(* Let $(E,\|\cdot\|)$ be a real Banach space and $\mathcal{C}\subset E$ a closed convex cone with $\mathbb{R}_+\mathcal{C}=\mathcal{C}$, $\mathcal{C}\cap(-\mathcal{C})=\{0\}$. Assume (H1): there are $\ell\in E'$, $\|\ell\|=1$, and $K\in[1,\infty)$ with $\langle\ell,\phi\rangle\ge\frac1K\|\phi\|$ for $\phi\in\mathcal{C}$; (H2): $\rho\in(0,1]$ is fixed with $\mathcal{C}(\rho)=\{\phi\in\mathcal{C}:B(\phi,\rho\|\phi\|)\subset\mathcal{C}\}\ne\{0\}$. Let $\mathcal{C}_{\ell=1}(\rho)=\{\phi\in\mathcal{C}(\rho):\langle\ell,\phi\rangle=1\}$, let $\Delta=\sup\{d_{\mathcal{C}}(x,y):x,y\in\mathcal{C}(\rho)\setminus\{0\}\}$ and $\eta=\tanh(\Delta/4)$. Let $\mathcal{M}\subset L(E)$ satisfy, for some $1\le\vartheta<\infty$ and all $L\in\mathcal{M}$: (H3) $L(\mathcal{C}\setminus\{0\})\subset\mathcal{C}(\rho)\setminus\{0\}$; (H4) $\frac1\vartheta\le\|L\|\le\vartheta$. Let $(\Omega,\mathcal{F},\mathbb{P})$ be a probability space with invertible, measure-preserving, ergodic $\tau$; $X=L^\infty(\Omega,E)$ (uniformly bounded Bochner measurable sections, sup norm); $(\mathcal{L}_\omega)_\omega$ with values in $\mathcal{M}$ such that $\mathbf{L}:X\to X$, $(\mathbf{L}\boldsymbol{z})_\omega=\mathcal{L}_{\tau^{-1}\omega}z_{\tau^{-1}\omega}$, preserves Bochner measurability. For $\boldsymbol{z}\in X$ let $\Lambda(\boldsymbol z)_\omega=\langle\ell,\mathcal{L}_{\tau^{-1}\omega}z_{\tau^{-1}\omega}\rangle$, and whenever $\Lambda(\boldsymbol\phi)$ is bounded away from $0$ let $\boldsymbol\pi(\boldsymbol\phi)=\Lambda(\boldsymbol\phi)^{-1}\mathbf{L}\boldsymbol\phi$ (fiberwise multiplication). For $\boldsymbol\phi\in X$ with values in $\mathcal{C}_{\ell=1}(\rho)$ define $\mathbf{Q}(\boldsymbol\phi)\in L(X)$ by \[\mathbf{Q}(\boldsymbol\phi)\boldsymbol z=\Lambda(\boldsymbol\phi)^{-1}\big(\mathbf{L}\boldsymbol z-\Lambda(\boldsymbol z)\boldsymbol\pi(\boldsymbol\phi)\big).\] Then there is $C=C(\rho,K,\vartheta)>0$ such that for every $\boldsymbol\phi\in X$ with values in $\mathcal{C}_{\ell=1}(\rho)$ and every $\boldsymbol z\in X$ with $\|\boldsymbol z\|<\frac{\rho}{2\vartheta^2K}$, \[\|\boldsymbol\pi(\boldsymbol\phi+\boldsymbol z)-\boldsymbol\pi(\boldsymbol\phi)-\mathbf{Q}(\boldsymbol\phi)\boldsymbol z\|\le C\|\boldsymbol z\|^2,\] so $\mathbf{Q}(\boldsymbol\phi)$ is the derivative of $\boldsymbol\pi$ at $\boldsymbol\phi$. Moreover, if $\mathbf{f}\in X$ is the fixed point of $\boldsymbol\pi$ with values in $\mathcal{C}_{\ell=1}(\rho)$, then $\mathbf{1}-\mathbf{Q}(\mathbf{f})$ is invertible in $L(X)$ with $\|(\mathbf{1}-\mathbf{Q}(\mathbf{f}))^{-1}\|\le1+\frac{K/\rho}{1-\eta}$.
   Context: Hilbert projective metric: for $x,y\in\mathcal{C}\setminus\{0\}$, $\delta(x,y)=\inf\{t>0:tx-y\in\mathcal{C}\}$ and $d_{\mathcal{C}}(x,y)=\log(\delta(x,y)\delta(y,x))\in[0,+\infty]$. Bochner measurable means uniform limit of measurable countably-valued maps. *)

theory Defs
  imports "HOL-Probability.Probability"
begin

definition rho_interior :: "'e::real_normed_vector set \<Rightarrow> real \<Rightarrow> 'e set" where
  "rho_interior C \<rho> = {\<phi> \<in> C. ball \<phi> (\<rho> * norm \<phi>) \<subseteq> C}"

definition normalized_part :: "'e::real_normed_vector set \<Rightarrow> real \<Rightarrow> ('e \<Rightarrow> real) \<Rightarrow> 'e set" where
  "normalized_part C \<rho> lf = {\<phi> \<in> rho_interior C \<rho>. lf \<phi> = 1}"

text \<open>delta(x,y) = inf {t>0. t x - y in C}, valued in [0,+infinity] (inf of the empty set = +infinity).\<close>
definition hdelta :: "'e::real_normed_vector set \<Rightarrow> 'e \<Rightarrow> 'e \<Rightarrow> ereal" where
  "hdelta C x y = Inf {ereal t | t. t > 0 \<and> t *\<^sub>R x - y \<in> C}"

definition hilbert_dist :: "'e::real_normed_vector set \<Rightarrow> 'e \<Rightarrow> 'e \<Rightarrow> ereal" where
  "hilbert_dist C x y =
     (if hdelta C x y = \<infinity> \<or> hdelta C y x = \<infinity> then \<infinity>
      else ereal (ln (real_of_ereal (hdelta C x y) * real_of_ereal (hdelta C y x))))"

definition hilbert_diam :: "'e::real_normed_vector set \<Rightarrow> real \<Rightarrow> ereal" where
  "hilbert_diam C \<rho> = (SUP p \<in> (rho_interior C \<rho> - {0}) \<times> (rho_interior C \<rho> - {0}).
                          hilbert_dist C (fst p) (snd p))"

definition eta_const :: "'e::real_normed_vector set \<Rightarrow> real \<Rightarrow> real" where
  "eta_const C \<rho> = (if hilbert_diam C \<rho> = \<infinity> then 1 else tanh (real_of_ereal (hilbert_diam C \<rho>) / 4))"

definition measure_preserving_map :: "'w measure \<Rightarrow> ('w \<Rightarrow> 'w) \<Rightarrow> bool" where
  "measure_preserving_map M T \<longleftrightarrow> T \<in> measurable M M \<and> distr M M T = M"

definition ergodic_map :: "'w measure \<Rightarrow> ('w \<Rightarrow> 'w) \<Rightarrow> bool" where
  "ergodic_map M T \<longleftrightarrow> (\<forall>A \<in> sets M. T -` A \<inter> space M = A \<longrightarrow> measure M A = 0 \<or> measure M A = 1)"

definition bochner_meas :: "'w measure \<Rightarrow> ('w \<Rightarrow> 'e::real_normed_vector) \<Rightarrow> bool" where
  "bochner_meas M z \<longleftrightarrow>
     (\<exists>s :: nat \<Rightarrow> 'w \<Rightarrow> 'e.
        (\<forall>n. countable (s n ` space M) \<and> (\<forall>v. s n -` {v} \<inter> space M \<in> sets M)) \<and>
        (\<forall>\<epsilon>>0. \<exists>N. \<forall>n\<ge>N. \<forall>\<omega>\<in>space M. norm (s n \<omega> - z \<omega>) < \<epsilon>))"

text \<open>The space X = L-infinity(Omega,E): uniformly bounded Bochner measurable sections.
  Sections are taken extensional (zero outside space M), so that X is a space of functions.\<close>
definition Xsp :: "'w measure \<Rightarrow> ('w \<Rightarrow> 'e::real_normed_vector) set" where
  "Xsp M = {z. bochner_meas M z \<and> bounded (z ` space M) \<and> (\<forall>\<omega>. \<omega> \<notin> space M \<longrightarrow> z \<omega> = 0)}"

definition supn :: "'w measure \<Rightarrow> ('w \<Rightarrow> 'e::real_normed_vector) \<Rightarrow> real" where
  "supn M z = (SUP \<omega> \<in> space M. norm (z \<omega>))"

definition Lop :: "'w measure \<Rightarrow> ('w \<Rightarrow> 'w) \<Rightarrow> ('w \<Rightarrow> 'e \<Rightarrow> 'e::real_normed_vector) \<Rightarrow> ('w \<Rightarrow> 'e) \<Rightarrow> 'w \<Rightarrow> 'e" where
  "Lop M \<tau>i \<L> z = (\<lambda>\<omega>. if \<omega> \<in> space M then \<L> (\<tau>i \<omega>) (z (\<tau>i \<omega>)) else 0)"

definition Lam :: "'w measure \<Rightarrow> ('e \<Rightarrow> real) \<Rightarrow> ('w \<Rightarrow> 'w) \<Rightarrow> ('w \<Rightarrow> 'e \<Rightarrow> 'e::real_normed_vector) \<Rightarrow> ('w \<Rightarrow> 'e) \<Rightarrow> 'w \<Rightarrow> real" where
  "Lam M lf \<tau>i \<L> z = (\<lambda>\<omega>. lf (Lop M \<tau>i \<L> z \<omega>))"

definition piop :: "'w measure \<Rightarrow> ('e \<Rightarrow> real) \<Rightarrow> ('w \<Rightarrow> 'w) \<Rightarrow> ('w \<Rightarrow> 'e \<Rightarrow> 'e::real_normed_vector) \<Rightarrow> ('w \<Rightarrow> 'e) \<Rightarrow> 'w \<Rightarrow> 'e" where
  "piop M lf \<tau>i \<L> \<phi> = (\<lambda>\<omega>. (1 / Lam M lf \<tau>i \<L> \<phi> \<omega>) *\<^sub>R Lop M \<tau>i \<L> \<phi> \<omega>)"

definition Qop :: "'w measure \<Rightarrow> ('e \<Rightarrow> real) \<Rightarrow> ('w \<Rightarrow> 'w) \<Rightarrow> ('w \<Rightarrow> 'e \<Rightarrow> 'e::real_normed_vector) \<Rightarrow> ('w \<Rightarrow> 'e) \<Rightarrow> ('w \<Rightarrow> 'e) \<Rightarrow> 'w \<Rightarrow> 'e" where
  "Qop M lf \<tau>i \<L> \<phi> z = (\<lambda>\<omega>. (1 / Lam M lf \<tau>i \<L> \<phi> \<omega>) *\<^sub>R
       (Lop M \<tau>i \<L> z \<omega> - Lam M lf \<tau>i \<L> z \<omega> *\<^sub>R piop M lf \<tau>i \<L> \<phi> \<omega>))"

definition cone_setting :: "'e::banach set \<Rightarrow> ('e \<Rightarrow> real) \<Rightarrow> real \<Rightarrow> real \<Rightarrow> bool" where
  "cone_setting C lf K \<rho> \<longleftrightarrow>
     closed C \<and> convex C \<and> cone C \<and> C \<inter> uminus ` C = {0} \<and>
     \<comment> \<open>(H1)\<close>
     bounded_linear lf \<and> onorm lf = 1 \<and> 1 \<le> K \<and> (\<forall>\<phi>\<in>C. lf \<phi> \<ge> norm \<phi> / K) \<and>
     \<comment> \<open>(H2)\<close>
     0 < \<rho> \<and> \<rho> \<le> 1 \<and> rho_interior C \<rho> \<noteq> {0}"

definition operator_class :: "'e::banach set \<Rightarrow> real \<Rightarrow> real \<Rightarrow> ('e \<Rightarrow> 'e) set" where
  "operator_class C \<rho> \<theta> =
     {L. bounded_linear L \<and>
         L ` (C - {0}) \<subseteq> rho_interior C \<rho> - {0} \<and>   \<comment> \<open>(H3)\<close>
         1 / \<theta> \<le> onorm L \<and> onorm L \<le> \<theta>}"

definition full_setting ::
  "'e::banach set \<Rightarrow> ('e \<Rightarrow> real) \<Rightarrow> real \<Rightarrow> real \<Rightarrow> real \<Rightarrow> ('e \<Rightarrow> 'e) set \<Rightarrow>
   'w measure \<Rightarrow> ('w \<Rightarrow> 'w) \<Rightarrow> ('w \<Rightarrow> 'w) \<Rightarrow> ('w \<Rightarrow> 'e \<Rightarrow> 'e) \<Rightarrow> bool" where
  "full_setting C lf K \<rho> \<theta> \<M> M \<tau> \<tau>i \<L> \<longleftrightarrow>
     cone_setting C lf K \<rho> \<and> 1 \<le> \<theta> \<and> \<M> \<subseteq> operator_class C \<rho> \<theta> \<and>
     prob_space M \<and>
     \<comment> \<open>tau invertible with inverse tau_i, measure preserving, ergodic\<close>
     (\<forall>\<omega>\<in>space M. \<tau> \<omega> \<in> space M \<and> \<tau>i \<omega> \<in> space M \<and> \<tau>i (\<tau> \<omega>) = \<omega> \<and> \<tau> (\<tau>i \<omega>) = \<omega>) \<and>
     measure_preserving_map M \<tau> \<and> measure_preserving_map M \<tau>i \<and> ergodic_map M \<tau> \<and>
     (\<forall>\<omega>\<in>space M. \<L> \<omega> \<in> \<M>) \<and>
     (\<forall>z\<in>Xsp M. bochner_meas M (Lop M \<tau>i \<L> z))"

end

(*
  Differentiability: fibrewise, pi(phi) = L phi / <l, L phi> is a normalisation, and the remainder
  pi(phi + z) - pi(phi) - Q(phi) z equals mu^2/(lam^2 (lam + mu)) L phi - mu/(lam (lam + mu)) L z,
  where lam = <l, L phi> >= rho/(K theta) and mu = <l, L z>; the smallness of z keeps
  |mu| <= lam/2, so this is O(|z|^2) uniformly in omega.

  Invertibility: if z lies fibrewise in an order interval [a f, b f] of the cone, Birkhoff's contraction (via the Hilbert-metric diameter Delta of C(rho))
  puts Q(f) z in one of length tanh(Delta/4) (b - a). Since <l, Q(f)^n z> = 0, the length of the
  interval controls the norm, so |Q(f)^n z| <= (K/rho) eta^n |z| and the Neumann series
  sum_n Q(f)^n converges in X to the inverse of 1 - Q(f); Bochner measurability passes to the
  uniform limit of its partial sums.
*)
theory Submission
  imports Defs
begin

§ **TASK DIRECTIONS**
Taking the entries above, write out exactly the lines starting with the line containing "(if hilbert_diam C" and going on through the line containing "T \<longleftrightarrow> T", both included, and nothing else.

§ **SOLUTION**
  "eta_const C \<rho> = (if hilbert_diam C \<rho> = \<infinity> then 1 else tanh (real_of_ereal (hilbert_diam C \<rho>) / 4))"

definition measure_preserving_map :: "'w measure \<Rightarrow> ('w \<Rightarrow> 'w) \<Rightarrow> bool" where
  "measure_preserving_map M T \<longleftrightarrow> T \<in> measurable M M \<and> distr M M T = M"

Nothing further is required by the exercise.